Several committee members of the CDC’s Healthcare Infection Control Practices Advisory Committee have received termination notices, MedPage Today reported April 29.
1. HICPAC develops guidance for preventing and controlling healthcare-associated infections.
2. Of the 11 voting members of the committee, a handful told MedPage they had received termination notices. HICPAC’s main page on the CDC website has also been removed, and a meeting that was supposed to take place March 6-7 was canceled last minute and has not been rescheduled. The combination of these events have caused public health experts to speculate that the CDC might be shutting the committee down.
3. That said, there has been no official notice from CDC or HHS that HICPAC has been terminated. Sources told MedPage that the CDC is supposed to schedule a call to provide an update on the committee’s status, but that has not yet been arranged.
4. The current situation has many experts worried about the future of patient safety.

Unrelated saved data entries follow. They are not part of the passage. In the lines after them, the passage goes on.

lemma cverts_edge_sphere:
  assumes F: "F \<in> E" "F \<subseteq> {1..N}"
  shows "cverts (edge_sphere N E F) = {v. v \<noteq> {} \<and> v \<subset> {1..N} \<and> uncut v F}"
proof (intro equalityI subsetI)
  fix v assume "v \<in> cverts (edge_sphere N E F)"
  then obtain \<sigma> where \<sigma>: "\<sigma> \<in> coloring_complex N E" "diff_contains N \<sigma> F" "v \<in> \<sigma>"
    unfolding cverts_def edge_sphere_def by blast
  then have "uncut v F"
    by (intro diff_contains_uncut[of \<sigma> N]) (auto simp: coloring_complex_def)
  then show "v \<in> {v. v \<noteq> {} \<and> v \<subset> {1..N} \<and> uncut v F}"
    using \<sigma> unfolding coloring_complex_def by blast
next
  fix v assume "v \<in> {v. v \<noteq> {} \<and> v \<subset> {1..N} \<and> uncut v F}"
  then have "{v} \<in> edge_sphere N E F" using singleton_in_edge_sphere F by blast
  then show "v \<in> cverts (edge_sphere N E F)" unfolding cverts_def by blast
qed

lemma coloring_complex_eq_Union_edge_spheres:
  "coloring_complex N E = (\<Union>F\<in>E. edge_sphere N E F)"
  unfolding coloring_complex_def edge_sphere_def by blast

lemma cverts_coloring_complex:
  assumes "\<forall>F\<in>E. F \<subseteq> {1..N}"
  shows "cverts (coloring_complex N E) = {v. v \<noteq> {} \<and> v \<subset> {1..N} \<and> (\<exists>F\<in>E. uncut v F)}"
proof -
  have "cverts (coloring_complex N E) = (\<Union>F\<in>E. cverts (edge_sphere N E F))"
    unfolding coloring_complex_eq_Union_edge_spheres[of N E] cverts_def by blast
  then show ?thesis using cverts_edge_sphere assms by auto
qed

lemma adjacent_common_uncut_edge:
  assumes "(v, w) \<in> cadj (coloring_complex N E)"
  shows "\<exists>F\<in>E. uncut v F \<and> uncut w F"
proof -
  obtain \<sigma> where \<sigma>: "\<sigma> \<in> coloring_complex N E" "v \<in> \<sigma>" "w \<in> \<sigma>"
    using assms unfolding cadj_def by blast
  then obtain F where F: "F \<in> E" "diff_contains N \<sigma> F"
    unfolding coloring_complex_def by blast
  have "is_chain_set \<sigma>" "\<forall>D\<in>\<sigma>. D \<subseteq> {1..N}"
    using \<sigma>(1) unfolding coloring_complex_def by auto
  then show ?thesis using diff_contains_uncut F \<sigma>(2,3) by blast
qed

lemma comparable_adjacent:
  assumes "v \<noteq> {}" "v \<subseteq> w" "w \<subset> {1..N}" "F \<in> E" "F \<subseteq> {1..N}" "uncut v F" "uncut w F"
  shows "(v, w) \<in> cadj (coloring_complex N E)"
proof (cases "v = w")
  case True
  then have "{v} \<in> coloring_complex N E"
    using singleton_in_edge_sphere assms unfolding edge_sphere_def by blast
  then show ?thesis using True unfolding cadj_def by blast
next
  case False
  then have "{v, w} \<in> coloring_complex N E"
    using pair_in_edge_sphere[of v w N F E] assms unfolding edge_sphere_def by blast
  then show ?thesis unfolding cadj_def by blast
qed

lemma no_common_uncut_of_overlapping_cover:
  assumes "F \<union> F' = {1..N}" "F \<inter> F' \<noteq> {}" "v \<noteq> {}" "v \<subset> {1..N}"
  shows "\<not> (uncut v F \<and> uncut v F')"
  using assms unfolding uncut_def by blast

lemma components_eq_partition:
  assumes cover: "cverts K = (\<Union>i\<in>I. T i)"
    and nonempty: "\<And>i. i \<in> I \<Longrightarrow> T i \<noteq> {}"
    and closed: "\<And>i v w. i \<in> I \<Longrightarrow> v \<in> T i \<Longrightarrow> (v, w) \<in> cadj K \<Longrightarrow> w \<in> T i"
    and connected: "\<And>i v w. i \<in> I \<Longrightarrow> v \<in> T i \<Longrightarrow> w \<in> T i \<Longrightarrow> (v, w) \<in> (cadj K)\<^sup>*"
  shows "components K = T ` I"
proof -
  have class_eq: "(cadj K)\<^sup>+ `` {v} = T i" if i: "i \<in> I" and v: "v \<in> T i" for i v
  proof (intro equalityI subsetI)
    fix w assume "w \<in> (cadj K)\<^sup>+ `` {v}"
    then have "(v, w) \<in> (cadj K)\<^sup>+" by simp
    then show "w \<in> T i" by (induction rule: trancl_induct) (use closed i v in blast)+
  next
    fix w assume w: "w \<in> T i"
    have "v \<in> cverts K" using cover i v by blast
    then have "(v, v) \<in> cadj K" unfolding cverts_def cadj_def by blast
    with connected[OF i v w] have "(v, w) \<in> (cadj K)\<^sup>+" by (meson rtrancl_into_trancl2)
    then show "w \<in> (cadj K)\<^sup>+ `` {v}" by simp
  qed
  have "components K = (\<Union>v\<in>cverts K. {(cadj K)\<^sup>+ `` {v}})"
    unfolding components_def quotient_def by simp
  also have "\<dots> = T ` I"
  proof (intro equalityI subsetI)
    fix C assume "C \<in> (\<Union>v\<in>cverts K. {(cadj K)\<^sup>+ `` {v}})"
    then obtain i v where "i \<in> I" "v \<in> T i" "C = (cadj K)\<^sup>+ `` {v}" using cover by blast
    then show "C \<in> T ` I" using class_eq by blast
  next
    fix C assume "C \<in> T ` I"
    then obtain i where i: "i \<in> I" "C = T i" by blast
    then obtain v where v: "v \<in> T i" using nonempty by blast
    then have "C = (cadj K)\<^sup>+ `` {v}" using class_eq i by simp
    then show "C \<in> (\<Union>v\<in>cverts K. {(cadj K)\<^sup>+ `` {v}})" using cover i v by blast
  qed
  finally show ?thesis .
qed

lemma third_element:
  assumes "3 \<le> card B"
  shows "\<exists>k\<in>B. k \<noteq> x \<and> k \<noteq> y"
proof (rule ccontr)
  assume "\<not> ?thesis"
  then have "card B \<le> card {x, y}" by (intro card_mono) auto
  also have "\<dots> \<le> 2" by (simp add: card_insert_le_m1)
  finally show False using assms by simp
qed

lemma linked_sym:
  assumes "(v, w) \<in> (cadj K)\<^sup>*"
  shows "(w, v) \<in> (cadj K)\<^sup>*"
proof -
  have "sym (cadj K)" unfolding cadj_def sym_def by blast
  then show ?thesis using assms by (meson sym_rtrancl symD)
qed

locale block_hypergraph =
  fixes N :: nat and I :: "'i set" and B J :: "'i \<Rightarrow> nat set"
    and Ei :: "'i \<Rightarrow> nat set set" and E :: "nat set set"
  assumes block_ground: "\<And>i. i \<in> I \<Longrightarrow> B i \<subseteq> {1..N}"
    and block_card: "\<And>i. i \<in> I \<Longrightarrow> 3 \<le> card (B i)"
    and blocks_disjoint: "\<And>i i'. i \<in> I \<Longrightarrow> i' \<in> I \<Longrightarrow> i \<noteq> i' \<Longrightarrow> B i \<inter> B i' = {}"
    and J_block: "\<And>i. i \<in> I \<Longrightarrow> J i \<subseteq> B i"
    and J_nonempty: "\<And>i. i \<in> I \<Longrightarrow> J i \<noteq> {}"
    and Ei_eq: "\<And>i. i \<in> I \<Longrightarrow> Ei i = (\<lambda>j. insert j ({1..N} - B i)) ` J i"
    and E_eq: "E = (\<Union>i\<in>I. Ei i)"
begin

abbreviation K :: "nat set set set" where
  "K \<equiv> coloring_complex N E"

abbreviation linked :: "nat set \<Rightarrow> nat set \<Rightarrow> bool" where
  "linked v w \<equiv> (v, w) \<in> (cadj K)\<^sup>*"

abbreviation edge :: "'i \<Rightarrow> nat \<Rightarrow> nat set" where
  "edge i j \<equiv> insert j ({1..N} - B i)"

lemma edge_in_E: "i \<in> I \<Longrightarrow> j \<in> J i \<Longrightarrow> edge i j \<in> E"
  using Ei_eq E_eq by blast

lemma E_ground: "F \<in> E \<Longrightarrow> F \<subseteq> {1..N}"
  using E_eq Ei_eq J_block block_ground by fastforce

text \<open>Every edge misses an element of its block, so it is a proper subset of \<open>[N]\<close>.\<close>
lemma edge_proper:
  assumes i: "i \<in> I" and j: "j \<in> J i"
  shows "edge i j \<subset> {1..N}"
proof -
  obtain k where "k \<in> B i" "k \<noteq> j" using third_element[OF block_card[OF i]] by blast
  then show ?thesis using E_ground[OF edge_in_E[OF i j]] block_ground[OF i] by blast
qed

lemma edges_of_distinct_groups:
  assumes i: "i \<in> I" "i' \<in> I" "i \<noteq> i'" and j: "j \<in> J i" "j' \<in> J i'"
  shows "edge i j \<union> edge i' j' = {1..N}" "edge i j \<inter> edge i' j' \<noteq> {}"
proof -
  have disj: "B i \<inter> B i' = {}" using blocks_disjoint[OF i] .
  show "edge i j \<union> edge i' j' = {1..N}"
    using disj J_block[OF i(1)] J_block[OF i(2)] j block_ground[OF i(1)] block_ground[OF i(2)]
    by blast
  have "j \<in> edge i' j'" using disj J_block[OF i(1)] j(1) block_ground[OF i(1)] by blast
  then show "edge i j \<inter> edge i' j' \<noteq> {}" by blast
qed

definition cluster :: "'i \<Rightarrow> nat set set" where
  "cluster i = {v. v \<noteq> {} \<and> v \<subset> {1..N} \<and> (\<exists>j\<in>J i. uncut v (edge i j))}"

lemma edge_in_cluster:
  assumes "i \<in> I" "j \<in> J i"
  shows "edge i j \<in> cluster i"
  using edge_proper[OF assms] assms(2) unfolding cluster_def by (auto simp: uncut_def)

lemma cluster_unique:
  assumes "i \<in> I" "i' \<in> I" "v \<in> cluster i" "v \<in> cluster i'"
  shows "i = i'"
proof (rule ccontr)
  assume "i \<noteq> i'"
  obtain j j' where j: "j \<in> J i" "j' \<in> J i'"
    and uncut: "uncut v (edge i j)" "uncut v (edge i' j')" and v: "v \<noteq> {}" "v \<subset> {1..N}"
    using assms(3,4) unfolding cluster_def by auto
  have "\<not> (uncut v (edge i j) \<and> uncut v (edge i' j'))"
    using no_common_uncut_of_overlapping_cover edges_of_distinct_groups[OF assms(1,2) \<open>i \<noteq> i'\<close> j] v
    by blast
  then show False using uncut by simp
qed

lemma cverts_K: "cverts K = (\<Union>i\<in>I. cluster i)"
proof -
  have "(\<exists>F\<in>E. uncut v F) \<longleftrightarrow> (\<exists>i\<in>I. \<exists>j\<in>J i. uncut v (edge i j))" for v
    unfolding E_eq using Ei_eq by auto
  then show ?thesis
    using cverts_coloring_complex[of E N] E_ground unfolding cluster_def by auto
qed

lemma cluster_eq_edge_spheres:
  assumes i: "i \<in> I"
  shows "(\<Union>F\<in>Ei i. cverts (edge_sphere N E F)) = cluster i"
proof -
  have "F \<in> E" "F \<subseteq> {1..N}" if "F \<in> Ei i" for F
    using that i E_eq E_ground by blast+
  then show ?thesis using cverts_edge_sphere unfolding cluster_def Ei_eq[OF i] by auto
qed

text \<open>Adjacency does not leave a cluster: adjacent vertices leave a common edge uncut,
  and that edge determines the cluster of both.\<close>
lemma cluster_closed:
  assumes i: "i \<in> I" and v: "v \<in> cluster i" and vw: "(v, w) \<in> cadj K"
  shows "w \<in> cluster i"
proof -
  obtain F where "F \<in> E" "uncut v F" "uncut w F"
    using adjacent_common_uncut_edge[OF vw] by blast
  then obtain i' j' where i': "i' \<in> I" "j' \<in> J i'" "uncut v (edge i' j')" "uncut w (edge i' j')"
    using E_eq Ei_eq by auto
  have "v \<in> cverts K" "w \<in> cverts K" using vw unfolding cadj_def cverts_def by blast+
  then have "v \<in> cluster i'" "w \<in> cluster i'"
    using i' cverts_K unfolding cluster_def by blast+
  with cluster_unique[OF i i'(1) v] show ?thesis by simp
qed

Dismantling HICPAC would lead to “more patients having healthcare-associated infections,” Carol McLay, DrPH, RN, president of the Association for Professionals in Infection Control and Epidemiology, told MedPage. “It’s just part of systemic dismantling of public health infrastructure we’ve been seeing over the past 100 days.”
5. In recent years, HICPAC has been under scrutiny for its recommendation that surgical masks provide adequate protection against airborne pathogens, rather than recommending N95 masks. The committee’s final version of the guidance, along with other recommendations, could be at risk if it is dissolved.